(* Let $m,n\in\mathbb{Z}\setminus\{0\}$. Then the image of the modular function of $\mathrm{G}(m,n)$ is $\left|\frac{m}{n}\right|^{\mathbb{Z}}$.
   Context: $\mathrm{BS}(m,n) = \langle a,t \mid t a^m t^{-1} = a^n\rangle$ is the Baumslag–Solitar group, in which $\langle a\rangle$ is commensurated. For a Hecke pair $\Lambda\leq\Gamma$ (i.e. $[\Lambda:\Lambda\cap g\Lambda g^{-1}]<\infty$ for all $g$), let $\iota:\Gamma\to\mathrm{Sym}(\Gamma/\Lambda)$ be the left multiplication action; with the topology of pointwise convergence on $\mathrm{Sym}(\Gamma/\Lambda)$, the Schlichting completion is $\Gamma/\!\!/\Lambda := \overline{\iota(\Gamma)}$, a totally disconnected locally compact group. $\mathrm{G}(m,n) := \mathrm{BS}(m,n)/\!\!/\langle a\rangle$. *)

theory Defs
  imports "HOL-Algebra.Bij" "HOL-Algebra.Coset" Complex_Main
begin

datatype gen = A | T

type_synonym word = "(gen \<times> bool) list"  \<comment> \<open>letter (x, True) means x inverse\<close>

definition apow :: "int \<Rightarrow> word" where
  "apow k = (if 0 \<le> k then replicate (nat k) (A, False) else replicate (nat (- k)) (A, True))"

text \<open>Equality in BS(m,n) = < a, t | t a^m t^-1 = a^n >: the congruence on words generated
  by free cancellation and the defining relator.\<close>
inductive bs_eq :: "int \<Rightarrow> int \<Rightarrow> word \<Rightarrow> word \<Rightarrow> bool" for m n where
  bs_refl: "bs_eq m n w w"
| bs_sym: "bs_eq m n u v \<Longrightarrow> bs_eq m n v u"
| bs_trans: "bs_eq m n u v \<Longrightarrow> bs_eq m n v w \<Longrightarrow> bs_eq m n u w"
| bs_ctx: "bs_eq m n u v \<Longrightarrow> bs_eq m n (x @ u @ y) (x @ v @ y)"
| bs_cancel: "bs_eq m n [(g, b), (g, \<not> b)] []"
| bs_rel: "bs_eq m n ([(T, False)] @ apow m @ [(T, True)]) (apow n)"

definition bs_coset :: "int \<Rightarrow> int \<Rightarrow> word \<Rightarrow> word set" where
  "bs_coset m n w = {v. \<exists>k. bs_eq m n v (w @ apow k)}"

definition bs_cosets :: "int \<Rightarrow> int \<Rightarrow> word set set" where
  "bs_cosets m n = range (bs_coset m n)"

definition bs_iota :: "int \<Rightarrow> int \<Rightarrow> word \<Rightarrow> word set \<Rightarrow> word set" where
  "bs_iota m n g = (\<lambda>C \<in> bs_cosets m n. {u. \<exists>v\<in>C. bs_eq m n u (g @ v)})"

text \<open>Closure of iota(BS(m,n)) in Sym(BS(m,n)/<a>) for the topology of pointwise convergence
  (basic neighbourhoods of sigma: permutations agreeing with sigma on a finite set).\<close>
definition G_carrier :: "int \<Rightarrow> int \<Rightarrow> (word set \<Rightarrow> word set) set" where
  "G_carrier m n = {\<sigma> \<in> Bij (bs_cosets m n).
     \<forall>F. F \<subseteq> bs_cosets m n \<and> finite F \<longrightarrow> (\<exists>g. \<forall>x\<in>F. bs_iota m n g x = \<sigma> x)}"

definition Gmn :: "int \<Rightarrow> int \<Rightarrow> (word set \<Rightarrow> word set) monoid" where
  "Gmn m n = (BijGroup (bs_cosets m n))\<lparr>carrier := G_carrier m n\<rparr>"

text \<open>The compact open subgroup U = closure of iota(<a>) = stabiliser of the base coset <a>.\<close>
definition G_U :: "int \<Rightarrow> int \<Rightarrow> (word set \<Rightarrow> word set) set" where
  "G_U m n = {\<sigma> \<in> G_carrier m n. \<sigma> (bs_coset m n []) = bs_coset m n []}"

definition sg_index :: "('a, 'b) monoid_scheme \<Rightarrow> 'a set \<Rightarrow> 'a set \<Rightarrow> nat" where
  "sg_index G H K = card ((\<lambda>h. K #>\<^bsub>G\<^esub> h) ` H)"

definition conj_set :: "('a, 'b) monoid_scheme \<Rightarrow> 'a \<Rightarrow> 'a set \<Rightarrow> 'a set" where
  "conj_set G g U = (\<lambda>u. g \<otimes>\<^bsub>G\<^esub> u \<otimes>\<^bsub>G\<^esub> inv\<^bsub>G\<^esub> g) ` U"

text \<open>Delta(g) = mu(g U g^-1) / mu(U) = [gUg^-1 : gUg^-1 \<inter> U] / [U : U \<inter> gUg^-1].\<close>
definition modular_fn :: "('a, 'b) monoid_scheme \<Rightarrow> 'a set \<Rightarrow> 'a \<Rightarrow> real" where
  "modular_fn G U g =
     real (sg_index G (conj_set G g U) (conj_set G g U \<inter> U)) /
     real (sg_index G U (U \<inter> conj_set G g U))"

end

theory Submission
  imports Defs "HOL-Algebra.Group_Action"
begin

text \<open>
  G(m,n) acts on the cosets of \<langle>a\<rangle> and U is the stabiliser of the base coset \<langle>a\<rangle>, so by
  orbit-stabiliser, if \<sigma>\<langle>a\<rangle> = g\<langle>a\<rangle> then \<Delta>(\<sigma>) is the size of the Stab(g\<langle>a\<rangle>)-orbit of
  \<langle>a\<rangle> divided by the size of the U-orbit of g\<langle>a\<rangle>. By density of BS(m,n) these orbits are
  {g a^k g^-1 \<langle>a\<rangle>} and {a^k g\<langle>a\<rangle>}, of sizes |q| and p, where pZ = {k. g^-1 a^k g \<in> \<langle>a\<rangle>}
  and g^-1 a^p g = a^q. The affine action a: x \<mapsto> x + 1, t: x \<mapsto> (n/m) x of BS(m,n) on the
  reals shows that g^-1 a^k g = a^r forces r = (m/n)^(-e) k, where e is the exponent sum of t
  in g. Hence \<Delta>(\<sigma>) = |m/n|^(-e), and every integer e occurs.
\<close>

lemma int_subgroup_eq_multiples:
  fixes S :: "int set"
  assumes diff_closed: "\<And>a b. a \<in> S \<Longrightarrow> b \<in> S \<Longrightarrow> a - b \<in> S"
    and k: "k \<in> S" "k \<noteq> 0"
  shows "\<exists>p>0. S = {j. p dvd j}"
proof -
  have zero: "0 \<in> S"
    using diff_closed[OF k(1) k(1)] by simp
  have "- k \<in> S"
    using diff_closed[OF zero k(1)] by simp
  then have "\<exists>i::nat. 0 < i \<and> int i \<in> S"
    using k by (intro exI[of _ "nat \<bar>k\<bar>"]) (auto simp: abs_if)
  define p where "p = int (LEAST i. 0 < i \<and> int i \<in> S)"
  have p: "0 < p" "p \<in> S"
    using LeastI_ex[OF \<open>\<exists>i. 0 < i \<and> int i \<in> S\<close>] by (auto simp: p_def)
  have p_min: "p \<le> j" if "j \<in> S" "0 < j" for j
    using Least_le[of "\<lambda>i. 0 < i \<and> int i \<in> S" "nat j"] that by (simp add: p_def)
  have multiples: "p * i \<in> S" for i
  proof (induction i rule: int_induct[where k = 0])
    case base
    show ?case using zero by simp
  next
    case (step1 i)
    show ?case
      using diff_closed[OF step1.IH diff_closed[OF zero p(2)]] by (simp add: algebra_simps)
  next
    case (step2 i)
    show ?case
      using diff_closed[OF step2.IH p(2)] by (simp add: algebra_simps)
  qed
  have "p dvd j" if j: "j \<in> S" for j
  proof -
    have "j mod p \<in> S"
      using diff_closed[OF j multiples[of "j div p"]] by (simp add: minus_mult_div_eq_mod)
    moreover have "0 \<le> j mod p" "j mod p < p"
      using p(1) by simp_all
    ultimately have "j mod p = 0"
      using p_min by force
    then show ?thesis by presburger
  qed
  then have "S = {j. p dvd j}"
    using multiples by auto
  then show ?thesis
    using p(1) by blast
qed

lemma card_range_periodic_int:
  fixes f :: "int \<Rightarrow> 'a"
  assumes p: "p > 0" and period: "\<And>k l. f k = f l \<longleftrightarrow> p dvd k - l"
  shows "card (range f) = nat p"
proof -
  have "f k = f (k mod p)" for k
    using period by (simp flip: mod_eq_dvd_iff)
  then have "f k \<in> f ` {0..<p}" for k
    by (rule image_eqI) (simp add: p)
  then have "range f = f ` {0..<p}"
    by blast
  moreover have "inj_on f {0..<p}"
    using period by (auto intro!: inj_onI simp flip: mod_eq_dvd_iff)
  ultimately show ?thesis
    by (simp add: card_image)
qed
-=-=-
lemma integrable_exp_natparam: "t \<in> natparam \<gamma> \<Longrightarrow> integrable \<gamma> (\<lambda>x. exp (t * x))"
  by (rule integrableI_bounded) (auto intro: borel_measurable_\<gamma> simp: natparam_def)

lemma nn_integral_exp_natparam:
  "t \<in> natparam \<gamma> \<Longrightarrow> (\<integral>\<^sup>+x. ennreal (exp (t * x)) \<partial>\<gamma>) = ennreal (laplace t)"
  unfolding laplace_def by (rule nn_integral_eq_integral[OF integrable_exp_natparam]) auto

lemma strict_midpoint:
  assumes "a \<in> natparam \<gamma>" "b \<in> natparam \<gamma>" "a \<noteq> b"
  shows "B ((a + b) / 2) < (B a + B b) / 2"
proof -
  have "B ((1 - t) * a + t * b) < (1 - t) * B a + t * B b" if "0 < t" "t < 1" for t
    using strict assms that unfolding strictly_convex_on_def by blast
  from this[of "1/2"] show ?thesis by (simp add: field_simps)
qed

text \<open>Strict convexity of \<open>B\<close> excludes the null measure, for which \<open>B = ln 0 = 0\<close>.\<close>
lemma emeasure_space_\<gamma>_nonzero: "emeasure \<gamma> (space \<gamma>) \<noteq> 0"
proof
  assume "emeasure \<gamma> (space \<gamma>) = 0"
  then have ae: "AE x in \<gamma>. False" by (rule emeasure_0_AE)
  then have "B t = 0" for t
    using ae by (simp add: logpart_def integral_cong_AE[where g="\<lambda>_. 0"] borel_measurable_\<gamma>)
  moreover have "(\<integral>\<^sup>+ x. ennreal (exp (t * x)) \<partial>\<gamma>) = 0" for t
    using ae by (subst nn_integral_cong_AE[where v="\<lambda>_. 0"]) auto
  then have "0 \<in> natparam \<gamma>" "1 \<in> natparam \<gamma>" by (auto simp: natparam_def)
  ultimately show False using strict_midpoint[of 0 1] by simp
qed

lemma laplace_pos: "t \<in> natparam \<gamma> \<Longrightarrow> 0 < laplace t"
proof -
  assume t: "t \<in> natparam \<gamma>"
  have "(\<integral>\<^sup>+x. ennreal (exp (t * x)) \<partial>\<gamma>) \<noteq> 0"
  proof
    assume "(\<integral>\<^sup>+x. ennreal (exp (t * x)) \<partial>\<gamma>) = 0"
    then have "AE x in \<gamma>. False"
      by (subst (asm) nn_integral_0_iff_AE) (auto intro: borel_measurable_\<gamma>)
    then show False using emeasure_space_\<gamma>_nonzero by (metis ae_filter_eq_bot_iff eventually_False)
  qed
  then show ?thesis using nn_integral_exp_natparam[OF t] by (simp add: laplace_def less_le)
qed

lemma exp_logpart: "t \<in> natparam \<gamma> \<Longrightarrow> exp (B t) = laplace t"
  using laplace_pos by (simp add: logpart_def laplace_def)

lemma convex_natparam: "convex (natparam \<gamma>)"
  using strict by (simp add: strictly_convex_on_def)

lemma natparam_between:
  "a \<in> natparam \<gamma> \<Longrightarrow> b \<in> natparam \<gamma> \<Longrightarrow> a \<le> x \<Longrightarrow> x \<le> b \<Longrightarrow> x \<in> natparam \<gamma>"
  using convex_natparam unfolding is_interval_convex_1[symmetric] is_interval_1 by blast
-=-=-
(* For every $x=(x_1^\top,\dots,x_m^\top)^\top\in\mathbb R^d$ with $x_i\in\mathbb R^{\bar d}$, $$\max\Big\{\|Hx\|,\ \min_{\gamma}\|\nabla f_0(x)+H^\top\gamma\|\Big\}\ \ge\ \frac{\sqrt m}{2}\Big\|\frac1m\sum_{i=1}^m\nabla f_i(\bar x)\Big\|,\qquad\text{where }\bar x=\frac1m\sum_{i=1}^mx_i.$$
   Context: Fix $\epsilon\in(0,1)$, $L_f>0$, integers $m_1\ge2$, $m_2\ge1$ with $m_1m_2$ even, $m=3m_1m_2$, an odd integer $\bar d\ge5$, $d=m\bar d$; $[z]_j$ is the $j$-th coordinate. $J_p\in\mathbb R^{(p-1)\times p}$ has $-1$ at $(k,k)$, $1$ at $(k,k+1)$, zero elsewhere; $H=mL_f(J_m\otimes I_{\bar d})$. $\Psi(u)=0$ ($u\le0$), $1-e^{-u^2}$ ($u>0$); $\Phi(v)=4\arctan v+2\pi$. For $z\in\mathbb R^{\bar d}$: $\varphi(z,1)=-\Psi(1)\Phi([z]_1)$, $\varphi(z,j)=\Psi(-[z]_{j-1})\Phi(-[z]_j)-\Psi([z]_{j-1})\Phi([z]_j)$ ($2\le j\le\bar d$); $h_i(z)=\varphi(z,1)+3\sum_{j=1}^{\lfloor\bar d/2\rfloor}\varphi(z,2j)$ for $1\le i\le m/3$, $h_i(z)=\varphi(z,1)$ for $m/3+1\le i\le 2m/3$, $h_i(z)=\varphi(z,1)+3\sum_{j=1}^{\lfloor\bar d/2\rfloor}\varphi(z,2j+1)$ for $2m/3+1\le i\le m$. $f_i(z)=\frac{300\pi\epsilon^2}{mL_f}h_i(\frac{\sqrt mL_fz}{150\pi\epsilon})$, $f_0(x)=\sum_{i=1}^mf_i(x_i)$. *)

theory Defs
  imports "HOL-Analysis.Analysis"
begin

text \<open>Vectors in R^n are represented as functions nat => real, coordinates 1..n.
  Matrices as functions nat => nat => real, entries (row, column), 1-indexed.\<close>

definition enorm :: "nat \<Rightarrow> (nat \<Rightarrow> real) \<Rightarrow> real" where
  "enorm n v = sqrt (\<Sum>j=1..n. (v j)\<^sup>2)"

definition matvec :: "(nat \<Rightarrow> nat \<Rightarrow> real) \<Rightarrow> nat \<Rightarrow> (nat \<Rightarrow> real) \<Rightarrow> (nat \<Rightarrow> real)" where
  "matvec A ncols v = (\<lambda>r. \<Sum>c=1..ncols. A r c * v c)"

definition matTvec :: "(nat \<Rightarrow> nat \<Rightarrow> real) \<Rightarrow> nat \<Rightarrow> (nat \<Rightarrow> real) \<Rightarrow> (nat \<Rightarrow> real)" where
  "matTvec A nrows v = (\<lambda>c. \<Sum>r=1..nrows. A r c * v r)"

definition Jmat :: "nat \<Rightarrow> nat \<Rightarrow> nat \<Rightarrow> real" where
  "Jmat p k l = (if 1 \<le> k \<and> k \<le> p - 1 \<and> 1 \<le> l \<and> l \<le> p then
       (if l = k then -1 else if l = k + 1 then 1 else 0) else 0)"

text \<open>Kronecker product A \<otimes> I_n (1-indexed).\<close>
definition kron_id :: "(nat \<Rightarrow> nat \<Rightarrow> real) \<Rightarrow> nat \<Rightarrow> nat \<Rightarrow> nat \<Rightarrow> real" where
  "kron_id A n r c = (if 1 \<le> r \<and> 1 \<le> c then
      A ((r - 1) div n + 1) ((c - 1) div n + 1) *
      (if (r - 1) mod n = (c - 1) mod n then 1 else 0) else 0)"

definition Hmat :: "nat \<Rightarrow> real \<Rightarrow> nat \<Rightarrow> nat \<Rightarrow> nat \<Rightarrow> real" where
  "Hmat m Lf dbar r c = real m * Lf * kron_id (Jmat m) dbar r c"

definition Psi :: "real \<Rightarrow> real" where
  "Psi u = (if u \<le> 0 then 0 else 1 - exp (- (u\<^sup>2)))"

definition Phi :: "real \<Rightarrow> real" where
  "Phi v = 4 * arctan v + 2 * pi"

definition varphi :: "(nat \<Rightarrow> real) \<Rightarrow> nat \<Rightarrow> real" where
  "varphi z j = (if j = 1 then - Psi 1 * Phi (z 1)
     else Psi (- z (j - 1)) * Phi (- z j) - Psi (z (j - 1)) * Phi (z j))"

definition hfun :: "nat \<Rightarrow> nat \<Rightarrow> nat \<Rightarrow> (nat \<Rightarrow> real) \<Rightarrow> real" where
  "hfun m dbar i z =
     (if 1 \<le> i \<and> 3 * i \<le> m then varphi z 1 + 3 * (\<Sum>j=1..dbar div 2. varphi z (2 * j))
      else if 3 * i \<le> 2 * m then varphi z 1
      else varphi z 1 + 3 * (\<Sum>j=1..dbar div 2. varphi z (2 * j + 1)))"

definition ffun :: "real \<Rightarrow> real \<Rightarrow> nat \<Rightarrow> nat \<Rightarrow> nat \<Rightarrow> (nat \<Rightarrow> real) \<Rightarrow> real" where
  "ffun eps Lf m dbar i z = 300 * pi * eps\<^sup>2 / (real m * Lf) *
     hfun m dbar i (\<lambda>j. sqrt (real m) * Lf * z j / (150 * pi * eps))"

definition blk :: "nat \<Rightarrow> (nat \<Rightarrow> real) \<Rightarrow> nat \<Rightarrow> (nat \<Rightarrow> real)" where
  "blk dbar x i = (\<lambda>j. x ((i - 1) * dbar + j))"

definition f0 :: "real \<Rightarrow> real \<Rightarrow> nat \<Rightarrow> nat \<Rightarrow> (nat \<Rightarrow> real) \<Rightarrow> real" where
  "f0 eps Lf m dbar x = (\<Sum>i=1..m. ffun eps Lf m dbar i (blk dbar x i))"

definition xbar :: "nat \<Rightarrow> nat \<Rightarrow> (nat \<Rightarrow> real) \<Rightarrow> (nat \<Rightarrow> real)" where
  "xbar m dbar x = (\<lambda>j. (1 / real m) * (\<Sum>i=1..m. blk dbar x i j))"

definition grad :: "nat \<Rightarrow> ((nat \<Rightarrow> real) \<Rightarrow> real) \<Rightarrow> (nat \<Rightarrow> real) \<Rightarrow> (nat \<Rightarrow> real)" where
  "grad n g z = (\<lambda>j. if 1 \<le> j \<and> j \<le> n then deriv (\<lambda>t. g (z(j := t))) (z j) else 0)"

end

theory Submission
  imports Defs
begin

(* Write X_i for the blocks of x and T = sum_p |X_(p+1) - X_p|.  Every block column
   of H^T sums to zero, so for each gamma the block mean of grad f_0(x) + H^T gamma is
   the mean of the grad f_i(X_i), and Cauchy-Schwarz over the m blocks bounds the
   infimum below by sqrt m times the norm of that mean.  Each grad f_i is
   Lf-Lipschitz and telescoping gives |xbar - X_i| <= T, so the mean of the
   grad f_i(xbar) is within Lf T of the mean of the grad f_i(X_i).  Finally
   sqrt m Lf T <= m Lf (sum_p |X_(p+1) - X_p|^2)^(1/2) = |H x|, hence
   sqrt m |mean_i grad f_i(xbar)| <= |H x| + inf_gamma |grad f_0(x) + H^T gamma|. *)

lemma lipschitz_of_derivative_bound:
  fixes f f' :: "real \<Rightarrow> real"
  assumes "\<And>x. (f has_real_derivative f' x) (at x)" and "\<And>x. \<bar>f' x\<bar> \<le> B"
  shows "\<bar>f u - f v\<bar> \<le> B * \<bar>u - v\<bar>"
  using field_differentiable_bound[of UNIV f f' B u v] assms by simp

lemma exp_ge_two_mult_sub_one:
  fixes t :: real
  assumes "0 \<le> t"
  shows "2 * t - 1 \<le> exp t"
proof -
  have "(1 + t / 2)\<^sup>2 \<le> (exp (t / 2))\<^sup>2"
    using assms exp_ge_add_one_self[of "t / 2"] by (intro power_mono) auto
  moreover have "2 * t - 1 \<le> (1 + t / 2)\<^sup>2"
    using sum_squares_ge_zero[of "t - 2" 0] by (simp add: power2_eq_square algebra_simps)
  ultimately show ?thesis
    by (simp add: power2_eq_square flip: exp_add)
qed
-=-=-
■ **What is needed**
All lines in the listing above between the line with "monoid_scheme \<Rightarrow> 'a \<Rightarrow>" and the line with "text \<open>Delta(g) = mu(g", inclusive, should be set down exactly, and no line outside that range.

■ **Result for this exercise**
definition conj_set :: "('a, 'b) monoid_scheme \<Rightarrow> 'a \<Rightarrow> 'a set \<Rightarrow> 'a set" where
  "conj_set G g U = (\<lambda>u. g \<otimes>\<^bsub>G\<^esub> u \<otimes>\<^bsub>G\<^esub> inv\<^bsub>G\<^esub> g) ` U"

text \<open>Delta(g) = mu(g U g^-1) / mu(U) = [gUg^-1 : gUg^-1 \<inter> U] / [U : U \<inter> gUg^-1].\<close>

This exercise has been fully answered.